Task description
Of the lines listed below, return exactly those that run from the line containing "is an antichain.\<close>" through the line containing "a b \<longleftrightarrow>", both included.
++++ The data
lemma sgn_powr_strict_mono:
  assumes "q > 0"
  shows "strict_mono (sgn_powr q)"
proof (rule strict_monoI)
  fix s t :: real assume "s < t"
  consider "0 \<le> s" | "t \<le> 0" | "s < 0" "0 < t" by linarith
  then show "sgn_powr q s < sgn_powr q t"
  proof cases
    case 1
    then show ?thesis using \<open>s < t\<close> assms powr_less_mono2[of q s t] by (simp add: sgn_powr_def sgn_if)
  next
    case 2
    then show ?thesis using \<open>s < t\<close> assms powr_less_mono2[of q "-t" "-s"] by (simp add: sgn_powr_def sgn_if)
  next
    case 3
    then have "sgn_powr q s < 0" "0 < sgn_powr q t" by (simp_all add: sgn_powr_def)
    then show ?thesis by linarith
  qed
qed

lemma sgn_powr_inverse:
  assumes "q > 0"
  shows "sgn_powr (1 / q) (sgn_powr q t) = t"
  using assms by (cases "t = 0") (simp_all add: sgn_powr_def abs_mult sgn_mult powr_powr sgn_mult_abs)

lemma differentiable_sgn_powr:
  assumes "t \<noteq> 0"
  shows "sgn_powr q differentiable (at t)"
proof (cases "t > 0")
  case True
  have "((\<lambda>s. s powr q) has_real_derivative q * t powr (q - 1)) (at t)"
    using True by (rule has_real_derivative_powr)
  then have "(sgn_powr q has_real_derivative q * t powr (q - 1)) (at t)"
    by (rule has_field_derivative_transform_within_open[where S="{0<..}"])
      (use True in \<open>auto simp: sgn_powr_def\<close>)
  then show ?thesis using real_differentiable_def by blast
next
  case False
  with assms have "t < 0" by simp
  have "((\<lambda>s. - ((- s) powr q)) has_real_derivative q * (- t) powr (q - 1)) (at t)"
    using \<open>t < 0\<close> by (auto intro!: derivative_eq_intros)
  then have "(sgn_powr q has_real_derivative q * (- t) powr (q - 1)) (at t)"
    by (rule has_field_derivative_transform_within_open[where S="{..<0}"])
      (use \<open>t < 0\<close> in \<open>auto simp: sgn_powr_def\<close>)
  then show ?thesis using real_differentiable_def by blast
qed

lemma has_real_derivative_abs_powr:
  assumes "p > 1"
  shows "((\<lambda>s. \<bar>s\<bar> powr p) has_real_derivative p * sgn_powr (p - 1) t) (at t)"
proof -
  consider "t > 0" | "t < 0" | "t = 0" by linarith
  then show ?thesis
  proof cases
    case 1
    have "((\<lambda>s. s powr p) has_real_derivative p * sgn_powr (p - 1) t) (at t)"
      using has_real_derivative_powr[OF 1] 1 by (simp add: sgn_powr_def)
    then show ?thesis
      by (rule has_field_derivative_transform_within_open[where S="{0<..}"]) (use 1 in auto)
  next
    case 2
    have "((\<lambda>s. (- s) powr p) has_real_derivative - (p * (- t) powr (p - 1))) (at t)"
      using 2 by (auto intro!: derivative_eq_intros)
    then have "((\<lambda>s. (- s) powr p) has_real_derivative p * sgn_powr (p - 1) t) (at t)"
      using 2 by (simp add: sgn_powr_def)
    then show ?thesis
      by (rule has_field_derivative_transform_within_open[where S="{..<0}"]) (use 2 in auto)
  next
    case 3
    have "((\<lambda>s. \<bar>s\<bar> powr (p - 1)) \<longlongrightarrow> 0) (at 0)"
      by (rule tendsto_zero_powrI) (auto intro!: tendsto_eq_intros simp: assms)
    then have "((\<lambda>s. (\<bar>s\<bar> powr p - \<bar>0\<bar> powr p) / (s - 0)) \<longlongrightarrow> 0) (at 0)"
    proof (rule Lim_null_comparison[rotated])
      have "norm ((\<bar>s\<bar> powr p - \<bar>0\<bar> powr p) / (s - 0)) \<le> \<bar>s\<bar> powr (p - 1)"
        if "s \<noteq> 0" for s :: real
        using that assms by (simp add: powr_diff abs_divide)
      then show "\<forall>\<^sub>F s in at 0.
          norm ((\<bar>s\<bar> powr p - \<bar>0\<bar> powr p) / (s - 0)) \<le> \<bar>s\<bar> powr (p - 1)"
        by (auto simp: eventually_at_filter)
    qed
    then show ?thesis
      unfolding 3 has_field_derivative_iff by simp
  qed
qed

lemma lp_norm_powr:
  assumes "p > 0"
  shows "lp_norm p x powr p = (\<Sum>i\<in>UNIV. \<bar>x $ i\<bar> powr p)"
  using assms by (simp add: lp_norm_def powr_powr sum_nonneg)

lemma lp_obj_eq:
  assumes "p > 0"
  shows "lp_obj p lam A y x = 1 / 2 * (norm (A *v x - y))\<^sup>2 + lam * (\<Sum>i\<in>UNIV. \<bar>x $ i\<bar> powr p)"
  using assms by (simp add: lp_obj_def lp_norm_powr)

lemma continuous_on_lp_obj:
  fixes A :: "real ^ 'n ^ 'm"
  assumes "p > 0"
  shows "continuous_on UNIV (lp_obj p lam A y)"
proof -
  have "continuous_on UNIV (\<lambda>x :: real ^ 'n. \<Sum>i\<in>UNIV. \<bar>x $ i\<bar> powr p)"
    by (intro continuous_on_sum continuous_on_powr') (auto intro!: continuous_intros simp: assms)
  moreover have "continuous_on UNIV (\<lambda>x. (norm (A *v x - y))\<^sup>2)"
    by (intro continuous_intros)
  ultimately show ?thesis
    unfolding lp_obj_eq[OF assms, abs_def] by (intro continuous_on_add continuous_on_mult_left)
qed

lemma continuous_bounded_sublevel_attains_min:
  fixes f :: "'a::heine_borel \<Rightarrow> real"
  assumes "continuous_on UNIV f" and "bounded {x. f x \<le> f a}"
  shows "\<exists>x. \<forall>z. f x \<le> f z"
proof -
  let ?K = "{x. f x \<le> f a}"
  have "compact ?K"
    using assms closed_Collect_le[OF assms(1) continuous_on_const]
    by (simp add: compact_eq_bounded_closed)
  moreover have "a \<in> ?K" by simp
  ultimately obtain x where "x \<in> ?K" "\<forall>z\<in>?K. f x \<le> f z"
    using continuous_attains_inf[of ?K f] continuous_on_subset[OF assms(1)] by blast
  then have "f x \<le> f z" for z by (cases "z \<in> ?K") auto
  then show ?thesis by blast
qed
++++++++
++++ The data
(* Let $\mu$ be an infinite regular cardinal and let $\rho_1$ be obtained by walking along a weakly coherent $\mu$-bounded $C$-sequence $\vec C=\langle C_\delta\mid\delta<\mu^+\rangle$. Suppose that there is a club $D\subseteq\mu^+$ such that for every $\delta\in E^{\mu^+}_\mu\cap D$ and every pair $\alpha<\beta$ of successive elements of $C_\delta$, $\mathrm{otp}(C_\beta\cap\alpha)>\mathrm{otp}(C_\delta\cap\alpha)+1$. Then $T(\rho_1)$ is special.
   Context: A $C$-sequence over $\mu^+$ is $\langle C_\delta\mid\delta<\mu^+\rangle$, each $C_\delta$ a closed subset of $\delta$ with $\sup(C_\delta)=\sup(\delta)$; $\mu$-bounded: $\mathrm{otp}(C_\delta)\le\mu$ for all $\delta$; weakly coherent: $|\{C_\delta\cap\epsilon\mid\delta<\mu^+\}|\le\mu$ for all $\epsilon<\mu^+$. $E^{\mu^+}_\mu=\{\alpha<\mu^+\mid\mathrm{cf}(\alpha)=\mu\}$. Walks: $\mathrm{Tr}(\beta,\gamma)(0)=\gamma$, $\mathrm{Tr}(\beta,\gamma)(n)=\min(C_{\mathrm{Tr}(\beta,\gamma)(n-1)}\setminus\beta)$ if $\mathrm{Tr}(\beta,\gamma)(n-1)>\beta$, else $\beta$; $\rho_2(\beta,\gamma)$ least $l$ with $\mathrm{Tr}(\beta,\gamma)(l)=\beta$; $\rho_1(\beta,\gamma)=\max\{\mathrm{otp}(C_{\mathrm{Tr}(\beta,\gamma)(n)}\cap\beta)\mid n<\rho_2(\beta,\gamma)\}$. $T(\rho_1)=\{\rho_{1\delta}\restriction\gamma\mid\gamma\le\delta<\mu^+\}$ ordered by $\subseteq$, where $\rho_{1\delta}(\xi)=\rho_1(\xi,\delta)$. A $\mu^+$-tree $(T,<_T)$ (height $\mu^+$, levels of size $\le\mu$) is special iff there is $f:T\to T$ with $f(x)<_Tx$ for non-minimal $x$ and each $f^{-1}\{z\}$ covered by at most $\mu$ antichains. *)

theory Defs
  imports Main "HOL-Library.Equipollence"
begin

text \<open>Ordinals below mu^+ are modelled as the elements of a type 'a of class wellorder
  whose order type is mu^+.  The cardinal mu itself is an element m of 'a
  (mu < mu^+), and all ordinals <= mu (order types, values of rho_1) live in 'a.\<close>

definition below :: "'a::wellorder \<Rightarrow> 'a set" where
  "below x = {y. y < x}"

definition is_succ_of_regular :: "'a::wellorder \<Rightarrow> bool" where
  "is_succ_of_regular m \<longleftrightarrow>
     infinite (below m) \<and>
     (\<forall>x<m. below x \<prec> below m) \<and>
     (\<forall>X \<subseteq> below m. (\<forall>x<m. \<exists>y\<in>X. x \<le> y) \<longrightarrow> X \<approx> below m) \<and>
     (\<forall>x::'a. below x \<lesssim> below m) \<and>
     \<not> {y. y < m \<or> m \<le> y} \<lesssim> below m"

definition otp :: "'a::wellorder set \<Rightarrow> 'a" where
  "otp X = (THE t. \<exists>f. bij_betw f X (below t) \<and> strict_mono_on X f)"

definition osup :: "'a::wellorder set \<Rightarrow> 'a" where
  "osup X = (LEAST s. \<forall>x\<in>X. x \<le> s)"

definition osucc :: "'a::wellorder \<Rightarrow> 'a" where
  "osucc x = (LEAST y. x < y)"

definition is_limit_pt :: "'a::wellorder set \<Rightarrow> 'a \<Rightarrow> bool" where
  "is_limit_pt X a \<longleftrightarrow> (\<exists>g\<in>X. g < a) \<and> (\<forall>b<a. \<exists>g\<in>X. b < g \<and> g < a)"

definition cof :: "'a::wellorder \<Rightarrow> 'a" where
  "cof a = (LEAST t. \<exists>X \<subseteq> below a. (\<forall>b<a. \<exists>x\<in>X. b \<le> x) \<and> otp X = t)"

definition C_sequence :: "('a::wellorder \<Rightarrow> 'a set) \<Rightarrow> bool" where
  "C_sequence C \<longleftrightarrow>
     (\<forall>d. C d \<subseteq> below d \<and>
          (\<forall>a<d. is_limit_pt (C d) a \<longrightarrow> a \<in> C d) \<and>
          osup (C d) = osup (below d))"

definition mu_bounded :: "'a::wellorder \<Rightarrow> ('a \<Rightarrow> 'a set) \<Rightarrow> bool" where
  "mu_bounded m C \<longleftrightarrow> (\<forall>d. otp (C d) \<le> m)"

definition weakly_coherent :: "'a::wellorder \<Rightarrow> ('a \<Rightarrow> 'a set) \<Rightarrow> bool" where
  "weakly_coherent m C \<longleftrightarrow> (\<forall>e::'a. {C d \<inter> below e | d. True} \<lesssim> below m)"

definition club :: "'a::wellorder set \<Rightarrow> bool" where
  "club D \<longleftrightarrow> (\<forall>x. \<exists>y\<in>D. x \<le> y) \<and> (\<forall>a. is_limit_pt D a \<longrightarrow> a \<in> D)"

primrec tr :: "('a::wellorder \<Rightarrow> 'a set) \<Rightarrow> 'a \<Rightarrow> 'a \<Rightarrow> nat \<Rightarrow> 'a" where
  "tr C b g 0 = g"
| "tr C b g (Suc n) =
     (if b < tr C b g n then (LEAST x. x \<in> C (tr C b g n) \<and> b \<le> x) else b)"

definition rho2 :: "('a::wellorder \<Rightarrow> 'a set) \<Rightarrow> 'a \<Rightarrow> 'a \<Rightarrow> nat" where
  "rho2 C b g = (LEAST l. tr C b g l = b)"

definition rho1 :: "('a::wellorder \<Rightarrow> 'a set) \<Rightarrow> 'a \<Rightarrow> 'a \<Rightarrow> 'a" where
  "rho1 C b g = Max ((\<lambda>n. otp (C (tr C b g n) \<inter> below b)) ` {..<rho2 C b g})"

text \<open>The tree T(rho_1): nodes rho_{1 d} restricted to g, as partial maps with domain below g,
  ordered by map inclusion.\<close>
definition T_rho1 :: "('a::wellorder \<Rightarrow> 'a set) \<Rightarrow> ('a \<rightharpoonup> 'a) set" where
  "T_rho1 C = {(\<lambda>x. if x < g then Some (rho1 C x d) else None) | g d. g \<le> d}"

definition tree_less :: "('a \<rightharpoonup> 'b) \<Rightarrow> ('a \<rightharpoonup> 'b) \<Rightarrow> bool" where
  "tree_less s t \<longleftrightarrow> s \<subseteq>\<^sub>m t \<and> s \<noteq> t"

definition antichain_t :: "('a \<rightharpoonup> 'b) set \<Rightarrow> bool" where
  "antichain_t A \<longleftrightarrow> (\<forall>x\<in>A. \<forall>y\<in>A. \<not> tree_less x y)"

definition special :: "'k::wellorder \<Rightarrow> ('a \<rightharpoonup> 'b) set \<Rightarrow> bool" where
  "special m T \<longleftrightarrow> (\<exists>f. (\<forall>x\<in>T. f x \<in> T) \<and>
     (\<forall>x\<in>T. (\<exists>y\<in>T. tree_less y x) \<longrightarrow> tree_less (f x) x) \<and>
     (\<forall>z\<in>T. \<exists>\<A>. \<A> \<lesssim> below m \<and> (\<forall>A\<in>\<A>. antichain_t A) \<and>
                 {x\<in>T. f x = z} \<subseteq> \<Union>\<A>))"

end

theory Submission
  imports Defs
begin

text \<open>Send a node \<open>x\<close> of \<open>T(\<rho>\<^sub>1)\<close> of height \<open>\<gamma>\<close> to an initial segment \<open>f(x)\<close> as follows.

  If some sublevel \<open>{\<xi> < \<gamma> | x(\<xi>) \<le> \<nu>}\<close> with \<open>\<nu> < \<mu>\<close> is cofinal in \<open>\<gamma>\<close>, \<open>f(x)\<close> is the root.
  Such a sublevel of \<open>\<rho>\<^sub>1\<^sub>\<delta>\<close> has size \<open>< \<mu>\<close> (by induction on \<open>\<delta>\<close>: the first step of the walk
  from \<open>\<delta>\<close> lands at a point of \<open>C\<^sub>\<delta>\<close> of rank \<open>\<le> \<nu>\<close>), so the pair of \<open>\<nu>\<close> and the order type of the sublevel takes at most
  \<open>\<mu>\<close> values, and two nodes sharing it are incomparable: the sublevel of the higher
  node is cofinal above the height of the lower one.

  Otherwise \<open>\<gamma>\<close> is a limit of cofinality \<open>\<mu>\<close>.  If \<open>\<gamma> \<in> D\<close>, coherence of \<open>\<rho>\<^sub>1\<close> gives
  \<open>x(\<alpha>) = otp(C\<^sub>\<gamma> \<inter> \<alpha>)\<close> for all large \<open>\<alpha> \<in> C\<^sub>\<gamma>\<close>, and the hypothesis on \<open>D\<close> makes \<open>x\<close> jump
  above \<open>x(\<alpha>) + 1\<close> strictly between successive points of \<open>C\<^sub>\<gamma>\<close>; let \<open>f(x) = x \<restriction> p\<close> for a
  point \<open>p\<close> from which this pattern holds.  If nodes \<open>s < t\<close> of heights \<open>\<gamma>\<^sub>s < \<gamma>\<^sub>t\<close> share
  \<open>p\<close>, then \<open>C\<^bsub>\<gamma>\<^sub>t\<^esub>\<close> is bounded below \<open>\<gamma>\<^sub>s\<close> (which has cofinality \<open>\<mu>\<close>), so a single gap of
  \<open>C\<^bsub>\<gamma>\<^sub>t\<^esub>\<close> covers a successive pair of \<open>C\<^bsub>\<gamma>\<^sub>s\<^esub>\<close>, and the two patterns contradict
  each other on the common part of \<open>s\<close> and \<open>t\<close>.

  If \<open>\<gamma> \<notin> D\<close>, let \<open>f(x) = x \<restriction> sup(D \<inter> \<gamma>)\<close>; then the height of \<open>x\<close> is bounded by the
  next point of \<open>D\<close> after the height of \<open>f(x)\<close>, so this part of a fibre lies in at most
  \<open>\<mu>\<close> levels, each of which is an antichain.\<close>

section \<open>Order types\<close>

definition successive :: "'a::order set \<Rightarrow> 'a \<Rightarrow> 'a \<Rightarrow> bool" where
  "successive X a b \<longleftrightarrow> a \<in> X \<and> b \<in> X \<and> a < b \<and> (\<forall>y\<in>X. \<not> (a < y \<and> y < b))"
++++++++
Response area
  \<open>\<mu>\<close> levels, each of which is an antichain.\<close>

section \<open>Order types\<close>

definition successive :: "'a::order set \<Rightarrow> 'a \<Rightarrow> 'a \<Rightarrow> bool" where
  "successive X a b \<longleftrightarrow> a \<in> X \<and> b \<in> X \<and> a < b \<and> (\<forall>y\<in>X. \<not> (a < y \<and> y < b))"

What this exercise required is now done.